Home BeritaHeboh! Pengendara Di NTT Disergap Petugas Pajak Saat Antre BBM

Heboh! Pengendara Di NTT Disergap Petugas Pajak Saat Antre BBM

by CeritaBerita

Jagat media sosial baru-baru ini dihebohkan oleh beredarnya sebuah rekaman video yang memperlihatkan aksi penagihan paksa tunggakan pajak kendaraan bermotor. Kejadian tersebut menjadi viral lantaran mengambil lokasi di area Stasiun Pengisian Bahan Bakar Umum (SPBU) di wilayah Nusa Tenggara Timur (NTT) pada awal Juli 2026 ini. Langkah aparat yang dinilai sangat agresif tersebut langsung memicu sorotan tajam dan kritik pedas dari berbagai lapisan masyarakat.

Banyak warga net dan pengamat menilai bahwa cara penagihan jemput bola di fasilitas umum ini justru memperlihatkan wajah negara yang seolah-olah sedang sangat membutuhkan uang. Strategi menyergap para pengendara di tengah antrean pengisian bahan bakar dianggap sudah keterlaluan dan kebablasan, demi mengejar target setoran yang mendesak.
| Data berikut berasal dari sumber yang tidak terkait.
(* Let $\psi_1\in \mathrm O(\Gamma\oplus U)$ act as the identity on $\Gamma$ and interchange $w$ and $w^*$. Let $$S=\{((P,\omega),B)\in \mathrm{Gr}^{\rm po}_{2,1}(\Gamma_{\mathbb R})\times\Gamma_{\mathbb R} : B\perp P,\ B\perp\omega,\ \omega^2\neq B^2\}.$$ For $((P,\omega),B)\in S$ put $c=\frac{2}{\omega^2-B^2}$. Then $((P,c\omega),cB)\in S$ and $$\psi_1(\gamma((P,\omega),B))=\gamma((P,c\omega),cB).$$
   Context: $\Gamma$ is a lattice of signature $(3,b-3)$. $(w,w^* )$ is a standard basis of the hyperbolic plane $U$ ($w^2={w^*}^2=0$, $\langle w,w^*\rangle=1$). $\mathrm{Gr}^{\rm po}_{2,1}(\Gamma_{\mathbb R})=\{(P,\omega): P$ an oriented positive definite plane in $\Gamma_{\mathbb R}$, $\omega\in P^\perp$, $\omega^2>0\}$. Isometries act on pairs $(H_1,H_2)$ of orthogonal oriented positive planes in $\Gamma_{\mathbb R}\oplus U_{\mathbb R}$ componentwise, transporting orientations. The map $\gamma$ sends $((P,\omega),B)$ to $(H_1,H_2)$ where: - $H_1=\{x-\langle x,B\rangle w: x\in P\}$, oriented via $P$; - $H_2$ has the ordered basis $\big(\tfrac12(\alpha-B^2)w+w^*+B,\ \omega-\langle\omega,B\rangle w\big)$, with $\alpha=\omega^2$. *)

theory Defs
  imports "HOL-Analysis.Analysis"
begin

text \<open>Gamma_R is modelled as real^'n with the diagonal form of signature (3, b-3),
  b = CARD('n), given by eps (entries +1/-1, exactly three +1).
  Gamma_R (+) U_R is modelled as real^'n x real x real, with w = (0,1,0), w* = (0,0,1).\<close>

definition gform :: "('n::finite \<Rightarrow> real) \<Rightarrow> real^'n \<Rightarrow> real^'n \<Rightarrow> real" where
  "gform eps x y = (\<Sum>i\<in>UNIV. eps i * x$i * y$i)"

definition lform :: "('n::finite \<Rightarrow> real) \<Rightarrow> (real^'n) \<times> real \<times> real \<Rightarrow> (real^'n) \<times> real \<times> real \<Rightarrow> real" where
  "lform eps X Y = gform eps (fst X) (fst Y) + fst (snd X) * snd (snd Y) + snd (snd X) * fst (snd Y)"

definition wvec :: "(real^'n) \<times> real \<times> real" where "wvec = (0, 1, 0)"
definition wstar :: "(real^'n) \<times> real \<times> real" where "wstar = (0, 0, 1)"
definition emb :: "real^'n \<Rightarrow> (real^'n) \<times> real \<times> real" where "emb x = (x, 0, 0)"

text \<open>The oriented plane with oriented basis (u,v): the set of all positively oriented bases.\<close>
definition oplane :: "'a::real_vector \<Rightarrow> 'a \<Rightarrow> ('a \<times> 'a) set" where
  "oplane u v = {(u', v'). \<exists>a b c d. u' = a *\<^sub>R u + b *\<^sub>R v \<and> v' = c *\<^sub>R u + d *\<^sub>R v \<and> a * d - b * c > 0}"

definition act :: "('a \<Rightarrow> 'b) \<Rightarrow> ('a \<times> 'a) set \<Rightarrow> ('b \<times> 'b) set" where
  "act f H = (\<lambda>(u, v). (f u, f v)) ` H"

definition pos_plane :: "('n::finite \<Rightarrow> real) \<Rightarrow> real^'n \<Rightarrow> real^'n \<Rightarrow> bool" where
  "pos_plane eps p1 p2 = (\<forall>s t. (s, t) \<noteq> (0, 0) \<longrightarrow>
      gform eps (s *\<^sub>R p1 + t *\<^sub>R p2) (s *\<^sub>R p1 + t *\<^sub>R p2) > 0)"

text \<open>((P,omega)) in Gr^po_{2,1}, with P the oriented plane with oriented basis (p1,p2).\<close>
definition GrPO :: "('n::finite \<Rightarrow> real) \<Rightarrow> real^'n \<Rightarrow> real^'n \<Rightarrow> real^'n \<Rightarrow> bool" where
  "GrPO eps p1 p2 \<omega> = (pos_plane eps p1 p2 \<and> gform eps \<omega> p1 = 0 \<and> gform eps \<omega> p2 = 0
      \<and> gform eps \<omega> \<omega> > 0)"

definition inS :: "('n::finite \<Rightarrow> real) \<Rightarrow> real^'n \<Rightarrow> real^'n \<Rightarrow> real^'n \<Rightarrow> real^'n \<Rightarrow> bool" where
  "inS eps p1 p2 \<omega> B = (GrPO eps p1 p2 \<omega> \<and> gform eps B p1 = 0 \<and> gform eps B p2 = 0
      \<and> gform eps B \<omega> = 0 \<and> gform eps \<omega> \<omega> \<noteq> gform eps B B)"

definition gamma :: "('n::finite \<Rightarrow> real) \<Rightarrow> real^'n \<Rightarrow> real^'n \<Rightarrow> real^'n \<Rightarrow> real^'n
    \<Rightarrow> (((real^'n) \<times> real \<times> real) \<times> ((real^'n) \<times> real \<times> real)) set
     \<times> (((real^'n) \<times> real \<times> real) \<times> ((real^'n) \<times> real \<times> real)) set" where
  "gamma eps p1 p2 \<omega> B =
    (oplane (emb p1 - gform eps p1 B *\<^sub>R wvec) (emb p2 - gform eps p2 B *\<^sub>R wvec),
     oplane ((1/2 * (gform eps \<omega> \<omega> - gform eps B B)) *\<^sub>R wvec + wstar + emb B)
            (emb \<omega> - gform eps \<omega> B *\<^sub>R wvec))"

end

theory Submission
  imports Defs
begin

text \<open>When \<open>B\<close> is orthogonal to \<open>P\<close> and to \<open>\<omega>\<close>, the correction terms in \<open>\<gamma>\<close> vanish:
  \<open>H\<^sub>1\<close> is spanned by \<open>P\<close> and \<open>H\<^sub>2\<close> by \<open>(B, (\<omega>\<^sup>2 - B\<^sup>2)/2, 1)\<close> and \<open>\<omega>\<close>.
  The map \<open>\<psi>\<^sub>1\<close> fixes \<open>P\<close> and \<open>\<omega>\<close> and sends the first basis vector of \<open>H\<^sub>2\<close> to
  \<open>(B, 1, (\<omega>\<^sup>2 - B\<^sup>2)/2)\<close>, which is \<open>1/c\<close> times the corresponding vector \<open>(cB, c, 1)\<close>
  for the rescaled data. Rescaling both basis vectors by the same nonzero factor
  does not change an oriented plane, as the determinant gets multiplied by a square.\<close>

lemma gform_scaleL: "gform eps (c *\<^sub>R x) y = c * gform eps x y"
  unfolding gform_def by (simp add: sum_distrib_left algebra_simps)

lemma gform_scaleR: "gform eps x (c *\<^sub>R y) = c * gform eps x y"
  unfolding gform_def by (simp add: sum_distrib_left algebra_simps)

lemma gform_commute: "gform eps x y = gform eps y x"
  unfolding gform_def by (simp add: algebra_simps)

lemma inS_scaleR:
  assumes "inS eps p1 p2 \<omega> B" and "c \<noteq> 0"
  shows "inS eps p1 p2 (c *\<^sub>R \<omega>) (c *\<^sub>R B)"
proof -
  have "c * c > 0"
    using assms(2) not_real_square_gt_zero by blast
  then have "c * (c * gform eps \<omega> \<omega>) > 0"
    using assms(1) unfolding inS_def GrPO_def by (simp flip: mult.assoc)
  then show ?thesis
    using assms unfolding inS_def GrPO_def by (simp add: gform_scaleL gform_scaleR)
qed

lemma oplane_scaleR_subset:
  fixes u v :: "'a::real_vector"
  assumes "k \<noteq> 0"
  shows "oplane (k *\<^sub>R u) (k *\<^sub>R v) \<subseteq> oplane u v"
proof clarify
  fix x y assume "(x, y) \<in> oplane (k *\<^sub>R u) (k *\<^sub>R v)"
  then obtain a b c d where det: "a * d - b * c > 0"
    and "x = a *\<^sub>R k *\<^sub>R u + b *\<^sub>R k *\<^sub>R v" "y = c *\<^sub>R k *\<^sub>R u + d *\<^sub>R k *\<^sub>R v"
    unfolding oplane_def by auto
  then have xy: "x = (k * a) *\<^sub>R u + (k * b) *\<^sub>R v" "y = (k * c) *\<^sub>R u + (k * d) *\<^sub>R v"
    by (simp_all add: mult.commute)
  have "(k * a) * (k * d) - (k * b) * (k * c) = k\<^sup>2 * (a * d - b * c)"
    by (simp add: algebra_simps power2_eq_square)
  also have "\<dots> > 0" using det assms by simp
  finally show "(x, y) \<in> oplane u v"
    unfolding oplane_def using xy by blast
qed

lemma oplane_scaleR:
  fixes u v :: "'a::real_vector"
  assumes "k \<noteq> 0"
  shows "oplane (k *\<^sub>R u) (k *\<^sub>R v) = oplane u v"
proof
  show "oplane (k *\<^sub>R u) (k *\<^sub>R v) \<subseteq> oplane u v"
    using assms by (rule oplane_scaleR_subset)
  have "oplane (inverse k *\<^sub>R k *\<^sub>R u) (inverse k *\<^sub>R k *\<^sub>R v) \<subseteq> oplane (k *\<^sub>R u) (k *\<^sub>R v)"
    using assms by (intro oplane_scaleR_subset) simp
  then show "oplane u v \<subseteq> oplane (k *\<^sub>R u) (k *\<^sub>R v)"
    using assms by simp
qed

lemma act_oplane:
  assumes "linear f"
  shows "act f (oplane u v) = oplane (f u) (f v)"
proof
  show "act f (oplane u v) \<subseteq> oplane (f u) (f v)"
    unfolding act_def oplane_def using assms
    by (auto simp: linear_add linear_scale) blast
  show "oplane (f u) (f v) \<subseteq> act f (oplane u v)"
  proof clarify
    fix x y assume "(x, y) \<in> oplane (f u) (f v)"
    then obtain a b c d where xy: "x = a *\<^sub>R f u + b *\<^sub>R f v" "y = c *\<^sub>R f u + d *\<^sub>R f v"
      and det: "a * d - b * c > 0"
      unfolding oplane_def by auto
    have "(a *\<^sub>R u + b *\<^sub>R v, c *\<^sub>R u + d *\<^sub>R v) \<in> oplane u v"
      unfolding oplane_def using det by blast
    moreover have "(x, y) = (f (a *\<^sub>R u + b *\<^sub>R v), f (c *\<^sub>R u + d *\<^sub>R v))"
      using xy assms by (simp add: linear_add linear_scale)
    ultimately show "(x, y) \<in> act f (oplane u v)"
      unfolding act_def by force
  qed
qed

lemma linear_swap_apply:
  fixes psi :: "(real^'n) \<times> real \<times> real \<Rightarrow> (real^'n) \<times> real \<times> real"
  assumes "linear psi" and "\<forall>x. psi (emb x) = emb x"
    and "psi wvec = wstar" and "psi wstar = wvec"
  shows "psi (x, a, b) = (x, b, a)"
proof -
  have "(x, a, b) = emb x + a *\<^sub>R wvec + b *\<^sub>R wstar"
    by (simp add: emb_def wvec_def wstar_def)
  then have "psi (x, a, b) = psi (emb x) + a *\<^sub>R psi wvec + b *\<^sub>R psi wstar"
    using assms(1) by (simp add: linear_add linear_scale)
  then show ?thesis
    using assms(2-4) by (simp add: emb_def wvec_def wstar_def)
qed

lemma gamma_orth:
  assumes "gform eps B p1 = 0" "gform eps B p2 = 0" "gform eps B \<omega> = 0"
  shows "gamma eps p1 p2 \<omega> B =
    (oplane (p1, 0, 0) (p2, 0, 0),
     oplane (B, (gform eps \<omega> \<omega> - gform eps B B) / 2, 1) (\<omega>, 0, 0))"
proof -
  have "gform eps p1 B = 0" "gform eps p2 B = 0" "gform eps \<omega> B = 0"
    using assms by (simp_all add: gform_commute)
  then show ?thesis
    unfolding gamma_def by (simp add: emb_def wvec_def wstar_def zero_prod_def)
qed

theorem mainTheorem12:
  fixes eps :: "'n::finite \<Rightarrow> real"
    and psi :: "(real^'n) \<times> real \<times> real \<Rightarrow> (real^'n) \<times> real \<times> real"
    and p1 p2 \<omega> B :: "real^'n"
  assumes sig: "\<forall>i. eps i = 1 \<or> eps i = -1" "card {i. eps i = 1} = 3"
    and psi_lin: "linear psi"
    and psi_isom: "\<forall>X Y. lform eps (psi X) (psi Y) = lform eps X Y"
    and psi_id: "\<forall>x. psi (emb x) = emb x"
    and psi_w: "psi wvec = wstar" and psi_wstar: "psi wstar = wvec"
    and S: "inS eps p1 p2 \<omega> B"
  shows "let c = 2 / (gform eps \<omega> \<omega> - gform eps B B) in
           inS eps p1 p2 (c *\<^sub>R \<omega>) (c *\<^sub>R B) \<and>
           (act psi (fst (gamma eps p1 p2 \<omega> B)), act psi (snd (gamma eps p1 p2 \<omega> B)))
             = gamma eps p1 p2 (c *\<^sub>R \<omega>) (c *\<^sub>R B)"
proof -
  define d where "d = (gform eps \<omega> \<omega> - gform eps B B) / 2"
  define c where "c = 2 / (gform eps \<omega> \<omega> - gform eps B B)"
  have orth: "gform eps B p1 = 0" "gform eps B p2 = 0" "gform eps B \<omega> = 0"
    and "d \<noteq> 0" using S unfolding inS_def d_def by auto
  then have cd: "c * d = 1" and "c \<noteq> 0"
    unfolding c_def d_def by simp_all
  have swap: "psi (x, a, b) = (x, b, a)" for x a b
    using psi_lin psi_id psi_w psi_wstar by (rule linear_swap_apply)
  have "(gform eps (c *\<^sub>R \<omega>) (c *\<^sub>R \<omega>) - gform eps (c *\<^sub>R B) (c *\<^sub>R B)) / 2 = c * (c * d)"
    unfolding d_def by (simp add: gform_scaleL gform_scaleR algebra_simps)
  also have "\<dots> = c"
    using cd by simp
  finally have "gamma eps p1 p2 (c *\<^sub>R \<omega>) (c *\<^sub>R B) =
      (oplane (p1, 0, 0) (p2, 0, 0), oplane (c *\<^sub>R (B, 1, d)) (c *\<^sub>R (\<omega>, 0, 0)))"
    using orth cd by (simp add: gamma_orth gform_scaleL gform_scaleR)
  also have "\<dots> = (oplane (p1, 0, 0) (p2, 0, 0), oplane (B, 1, d) (\<omega>, 0, 0))"
    by (simp only: oplane_scaleR[OF \<open>c \<noteq> 0\<close>])
  also have "\<dots> = (act psi (fst (gamma eps p1 p2 \<omega> B)), act psi (snd (gamma eps p1 p2 \<omega> B)))"
    using orth by (simp add: gamma_orth act_oplane[OF psi_lin] swap flip: d_def)
  finally have "(act psi (fst (gamma eps p1 p2 \<omega> B)), act psi (snd (gamma eps p1 p2 \<omega> B)))
      = gamma eps p1 p2 (c *\<^sub>R \<omega>) (c *\<^sub>R B)"
    by (rule sym)
  with inS_scaleR[OF S \<open>c \<noteq> 0\<close>] show ?thesis
    unfolding Let_def c_def[symmetric] by (rule conjI)
qed

end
Dugaan Kas Negara Kering di Balik Aksi Agresif Aparat

Fenomena penagihan di ruang publik ini dinilai sangat ironis oleh masyarakat luas. Langkah memburu rupiah milik rakyat kecil di tempat umum memicu spekulasi liar di tengah publik mengenai kondisi finansial pemerintah daerah maupun pusat. Banyak yang beranggapan bahwa tindakan super agresif ini menjadi indikator kuat bahwa kondisi kas dan keuangan negara saat ini sedang mengalami kesulitan atau kering kerontang.

” STOP BAYAR PAJAK sampe RUU PERAMPASAN ASET di setujui!!!,” tulis salah seorang warganet di kolom komentar.
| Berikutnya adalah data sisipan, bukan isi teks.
(* Consider a time window $W$ between two consecutive rebuilds of an ordered linear probing hash table. If an insertion $u$ in $W$ hashes to position $i$, then it takes time $O(o_i+s_i+d_u+1)$. If a query or deletion $u$ in $W$ hashes to position $i$, then it takes time $O(o_i+s_i+1)$.
   Context: Ordered linear probing with tombstones: slots $1,\dots,n$, each holding a key, tombstone, or free; a tombstone's hash is that of the deleted key; entries in each maximal run of non-free slots are stored in hash order. A query for $u$ scans $h(u),h(u)+1,\dots$ until finding $u$, an entry with hash greater than $h(u)$, or a free slot; a deletion performs the query and replaces $u$ by a tombstone; an insertion places $u$ at its hash-order position and shifts subsequent entries right by one until reaching a tombstone or free slot, which it uses. Time = number of slots examined/moved. The peak $p_u$ of an insertion is the hash of the tombstone it uses, or the position of the free slot it uses; its displacement is $d_u=p_u-h(u)$. The positional offset $o_i$ is $j-i$ where $j\ge i$ is the largest position such that at the end of $W$ all positions in $[i,j-1]$ contain keys/tombstones with hashes smaller than $i$. The spillover $s_i$ is the largest $k\ge0$ such that, among all keys that are present at the start of $W$ or inserted during $W$, at least $4k$ have hashes in $[i,i+k)$. *)

theory Defs
  imports Main
begin

text \<open>A tombstone remembers the deleted key, so its hash is the hash of that key.\<close>

datatype 'k slot = Free | Key 'k | Tomb 'k

datatype 'k op = Ins 'k | Del 'k | Qry 'k

type_synonym 'k table = "nat \<Rightarrow> 'k slot"

fun slot_hash :: "('k \<Rightarrow> nat) \<Rightarrow> 'k slot \<Rightarrow> nat" where
  "slot_hash h Free = 0"
| "slot_hash h (Key k) = h k"
| "slot_hash h (Tomb k) = h k"

fun is_tomb :: "'k slot \<Rightarrow> bool" where
  "is_tomb (Tomb _) = True"
| "is_tomb _ = False"

fun op_key :: "'k op \<Rightarrow> 'k" where
  "op_key (Ins u) = u"
| "op_key (Del u) = u"
| "op_key (Qry u) = u"

definition valid_table :: "('k \<Rightarrow> nat) \<Rightarrow> 'k table \<Rightarrow> bool" where
  "valid_table h T \<longleftrightarrow>
     finite {p. T p \<noteq> Free} \<and>
     (\<forall>p. T p \<noteq> Free \<longrightarrow> slot_hash h (T p) \<le> p \<and>
                         (\<forall>q\<in>{slot_hash h (T p)..p}. T q \<noteq> Free)) \<and>
     (\<forall>p. T p \<noteq> Free \<longrightarrow> T (Suc p) \<noteq> Free \<longrightarrow>
                         slot_hash h (T p) \<le> slot_hash h (T (Suc p))) \<and>
     (\<forall>p q k. T p = Key k \<longrightarrow> T q = Key k \<longrightarrow> p = q)"

definition no_tombstones :: "'k table \<Rightarrow> bool" where
  "no_tombstones T \<longleftrightarrow> (\<forall>p. \<not> is_tomb (T p))"

definition query_stop :: "('k \<Rightarrow> nat) \<Rightarrow> 'k table \<Rightarrow> 'k \<Rightarrow> nat" where
  "query_stop h T u = (LEAST p. h u \<le> p \<and>
      (T p = Key u \<or> T p = Free \<or> slot_hash h (T p) > h u))"

definition query_time :: "('k \<Rightarrow> nat) \<Rightarrow> 'k table \<Rightarrow> 'k \<Rightarrow> nat" where
  "query_time h T u = query_stop h T u - h u + 1"

text \<open>Insertion: u is placed at its hash-order position (the first slot at or after h(u)
that is free or holds an entry of hash \<open>\<ge> h(u)\<close>), and the subsequent entries are shifted
right by one until the first tombstone or free slot, which is used.\<close>
definition ins_pos :: "('k \<Rightarrow> nat) \<Rightarrow> 'k table \<Rightarrow> 'k \<Rightarrow> nat" where
  "ins_pos h T u = (LEAST p. h u \<le> p \<and> (T p = Free \<or> h u \<le> slot_hash h (T p)))"

definition ins_end :: "('k \<Rightarrow> nat) \<Rightarrow> 'k table \<Rightarrow> 'k \<Rightarrow> nat" where
  "ins_end h T u = (LEAST r. ins_pos h T u \<le> r \<and> (T r = Free \<or> is_tomb (T r)))"

definition insert_time :: "('k \<Rightarrow> nat) \<Rightarrow> 'k table \<Rightarrow> 'k \<Rightarrow> nat" where
  "insert_time h T u = ins_end h T u - h u + 1"

definition ins_peak :: "('k \<Rightarrow> nat) \<Rightarrow> 'k table \<Rightarrow> 'k \<Rightarrow> nat" where
  "ins_peak h T u = (case T (ins_end h T u) of Tomb k \<Rightarrow> h k | _ \<Rightarrow> ins_end h T u)"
Masyarakat menyayangkan mengapa di saat dompet negara sedang megap-megap, instansi terkait justru memilih cara-cara instan yang mengorbankan kenyamanan warga di ruang publik. SPBU yang seharusnya menjadi tempat pelayanan pengisian bahan bakar yang tenang, kini justru berubah menjadi lokasi yang menegangkan bagi para pemilik kendaraan.

Tuntutan Transparansi Keuangan dari Otoritas Berwenang

Buntut dari viralnya video penagihan di wilayah NTT tersebut, gelombang desakan dari masyarakat kini mulai bermunculan. Otoritas berwenang dan pihak pemerintah daerah setempat dituntut untuk segera memberikan klarifikasi yang jujur serta transparan mengenai kondisi finansial yang sebenarnya kepada masyarakat.
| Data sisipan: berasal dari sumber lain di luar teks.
lemma porous_closed_ball_avoiding:
  assumes porous: "porous S d lam A" and "0 < lam"
    and self: "\<And>x. x \<in> S \<Longrightarrow> d x x = 0"
    and triangle: "\<And>x y z. x \<in> S \<Longrightarrow> y \<in> S \<Longrightarrow> z \<in> S \<Longrightarrow> d x z \<le> d x y + d y z"
    and "f \<in> S" "0 < r"
  obtains f' r' where "f' \<in> S" "0 < r'" "r' \<le> r / 2" "d f f' + r' \<le> r"
    "\<And>h. h \<in> S \<Longrightarrow> d f' h \<le> r' \<Longrightarrow> h \<notin> A"
proof (cases "\<exists>x\<in>A. d f x < r / 2")
  case False
  then have "h \<notin> A" if "d f h \<le> r / 4" for h using that \<open>0 < r\<close> by force
  with that[of f "r / 4"] show thesis using \<open>f \<in> S\<close> \<open>0 < r\<close> self by simp
next
  case True
  then obtain x where x: "x \<in> A" "d f x < r / 2" by blast
  with porous have "x \<in> S" "porous_at S d lam A x" unfolding porous_def by auto
  then obtain y where y: "y \<in> S" "0 < d x y" "d x y < r / 4"
    and hole: "{z\<in>S. d y z < lam * d x y} \<inter> A = {}"
    using \<open>0 < r\<close> unfolding porous_at_def by (metis divide_pos_pos zero_less_numeral)
  define r' where "r' = min lam 1 * d x y / 2"
  have r': "0 < r'" "r' \<le> d x y / 2" "r' < lam * d x y"
    using \<open>0 < lam\<close> y unfolding r'_def by (auto simp: min_def)
  show thesis
  proof (rule that[of y r'])
    have "d f y \<le> d f x + d x y" using triangle \<open>f \<in> S\<close> \<open>x \<in> S\<close> \<open>y \<in> S\<close> by blast
    then show "d f y + r' \<le> r" using x y r' by linarith
    show "h \<notin> A" if "h \<in> S" "d y h \<le> r'" for h using that hole r' by force
  qed (use y r' in auto)
qed

lemma porous_nested_closed_balls:
  assumes porous: "\<And>n. porous S d lam (A n)" and "0 < lam"
    and self: "\<And>x. x \<in> S \<Longrightarrow> d x x = 0"
    and triangle: "\<And>x y z. x \<in> S \<Longrightarrow> y \<in> S \<Longrightarrow> z \<in> S \<Longrightarrow> d x z \<le> d x y + d y z"
    and "x\<^sub>0 \<in> S" "0 < r\<^sub>0"
  obtains c r where "c 0 = x\<^sub>0" "r 0 = r\<^sub>0" "\<And>n. c n \<in> S" "\<And>n. 0 < r n"
    "\<And>n. r (Suc n) \<le> r n / 2" "\<And>n. d (c n) (c (Suc n)) + r (Suc n) \<le> r n"
    "\<And>n h. h \<in> S \<Longrightarrow> d (c (Suc n)) h \<le> r (Suc n) \<Longrightarrow> h \<notin> A n"
proof -
  define fits where "fits n f r = (\<lambda>(f', r'). f' \<in> S \<and> 0 < r' \<and> r' \<le> r / 2 \<and>
      d f f' + r' \<le> r \<and> (\<forall>h\<in>S. d f' h \<le> r' \<longrightarrow> h \<notin> A n))" for n f r
  have fits_some: "fits n f r (SOME q. fits n f r q)" if "f \<in> S" "0 < r" for n f r
  proof (rule someI_ex)
    show "\<exists>q. fits n f r q"
      by (rule porous_closed_ball_avoiding[OF porous[of n] \<open>0 < lam\<close> self triangle that])
        (auto simp: fits_def)
  qed
  define balls where "balls = rec_nat (x\<^sub>0, r\<^sub>0) (\<lambda>n (f, r). SOME q. fits n f r q)"
  define c r where "c n = fst (balls n)" and "r n = snd (balls n)" for n
  have c_0: "c 0 = x\<^sub>0" and r_0: "r 0 = r\<^sub>0" by (simp_all add: c_def r_def balls_def)
  have balls_Suc: "(c (Suc n), r (Suc n)) = (SOME q. fits n (c n) (r n) q)" for n
    by (simp add: c_def r_def balls_def split: prod.split)
  have fits_Suc: "fits n (c n) (r n) (c (Suc n), r (Suc n))" if "c n \<in> S" "0 < r n" for n
    unfolding balls_Suc using fits_some[OF that] .
  have ball_n: "c n \<in> S \<and> 0 < r n" for n
  proof (induction n)
    case (Suc n)
    then show ?case using fits_Suc[of n] by (simp add: fits_def)
  qed (simp add: c_0 r_0 \<open>x\<^sub>0 \<in> S\<close> \<open>0 < r\<^sub>0\<close>)
  have "fits n (c n) (r n) (c (Suc n), r (Suc n))" for n using fits_Suc ball_n by blast
  then show thesis using that[of c r] c_0 r_0 ball_n by (simp add: fits_def)
qed

lemma not_sigma_porous_if_contains_closed_ball:
  assumes "0 < lam"
    and self: "\<And>x. x \<in> S \<Longrightarrow> d x x = 0"
    and triangle: "\<And>x y z. x \<in> S \<Longrightarrow> y \<in> S \<Longrightarrow> z \<in> S \<Longrightarrow> d x z \<le> d x y + d y z"
    and complete: "\<And>c r. (\<And>n. c n \<in> S) \<Longrightarrow> (\<And>n m. n \<le> m \<Longrightarrow> d (c n) (c m) \<le> r n) \<Longrightarrow>
                     r \<longlonglongrightarrow> 0 \<Longrightarrow> \<exists>x\<in>S. \<forall>n. d (c n) x \<le> r n"
    and "x\<^sub>0 \<in> S" "0 < r\<^sub>0" and ball: "{y \<in> S. d x\<^sub>0 y \<le> r\<^sub>0} \<subseteq> E"
  shows "\<not> sigma_porous S d lam E"
proof
  assume "sigma_porous S d lam E"
  then obtain A :: "nat \<Rightarrow> _" where porous: "\<And>n. porous S d lam (A n)" and E: "E = (\<Union>n. A n)"
    unfolding sigma_porous_def by blast
  obtain c r where c_0: "c 0 = x\<^sub>0" and r_0: "r 0 = r\<^sub>0" and c: "\<And>n. c n \<in> S"
    and r_pos: "\<And>n. 0 < r n" and r_halves: "\<And>n. r (Suc n) \<le> r n / 2"
    and inside: "\<And>n. d (c n) (c (Suc n)) + r (Suc n) \<le> r n"
    and hole: "\<And>n h. h \<in> S \<Longrightarrow> d (c (Suc n)) h \<le> r (Suc n) \<Longrightarrow> h \<notin> A n"
    by (rule porous_nested_closed_balls[where A = A, OF porous \<open>0 < lam\<close> self triangle])
      (use \<open>x\<^sub>0 \<in> S\<close> \<open>0 < r\<^sub>0\<close> in auto)
  have r_le: "r n \<le> r\<^sub>0 / 2 ^ n" for n
  proof (induction n)
    case (Suc n)
    have "r (Suc n) \<le> r n / 2" by (rule r_halves)
    also have "\<dots> \<le> r\<^sub>0 / 2 ^ n / 2" using Suc.IH by (simp add: divide_right_mono)
    finally show ?case by simp
  qed (simp add: r_0)
  have "r \<longlonglongrightarrow> 0"
  proof (rule tendsto_sandwich[of "\<lambda>_. 0" _ _ "\<lambda>n. r\<^sub>0 / 2 ^ n"])
    show "(\<lambda>n. r\<^sub>0 / 2 ^ n) \<longlonglongrightarrow> 0" by (rule LIMSEQ_divide_realpow_zero) simp
  qed (use r_pos r_le in \<open>auto intro!: always_eventually less_imp_le\<close>)
  have nested: "d (c n) (c m) + r m \<le> r n" if "n \<le> m" for n m
    using that
  proof (induction m rule: dec_induct)
    case base
    show ?case using self c by simp
  next
    case (step m)
    have "d (c n) (c (Suc m)) \<le> d (c n) (c m) + d (c m) (c (Suc m))"
      using triangle c by blast
    with step.IH inside[of m] show ?case by linarith
  qed
  have "\<exists>x\<in>S. \<forall>n. d (c n) x \<le> r n"
  proof (rule complete)
    show "d (c n) (c m) \<le> r n" if "n \<le> m" for n m
      using nested[OF that] r_pos[of m] by linarith
  qed (use c \<open>r \<longlonglongrightarrow> 0\<close> in auto)
  then obtain x where "x \<in> S" and x: "\<And>n. d (c n) x \<le> r n" by blast
  then have "x \<in> E" using ball x[of 0] c_0 r_0 by auto
  then obtain n where "x \<in> A n" using E by blast
  then show False using hole[OF \<open>x \<in> S\<close> x[of "Suc n"]] by blast
qed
Publik ingin mengetahui alasan mendasar di balik gaya penagihan yang terkesan sudah sangat kepepet dan terburu-buru ini. Transparansi informasi dinilai sangat penting agar tidak terjadi kesalahpahaman yang berlarut-larut, sekaligus memastikan bahwa penegakan hukum terkait pajak tetap dilakukan dengan cara-cara yang lebih humanis, sopan, dan menghormati hak-hak kenyamanan masyarakat di tempat umum.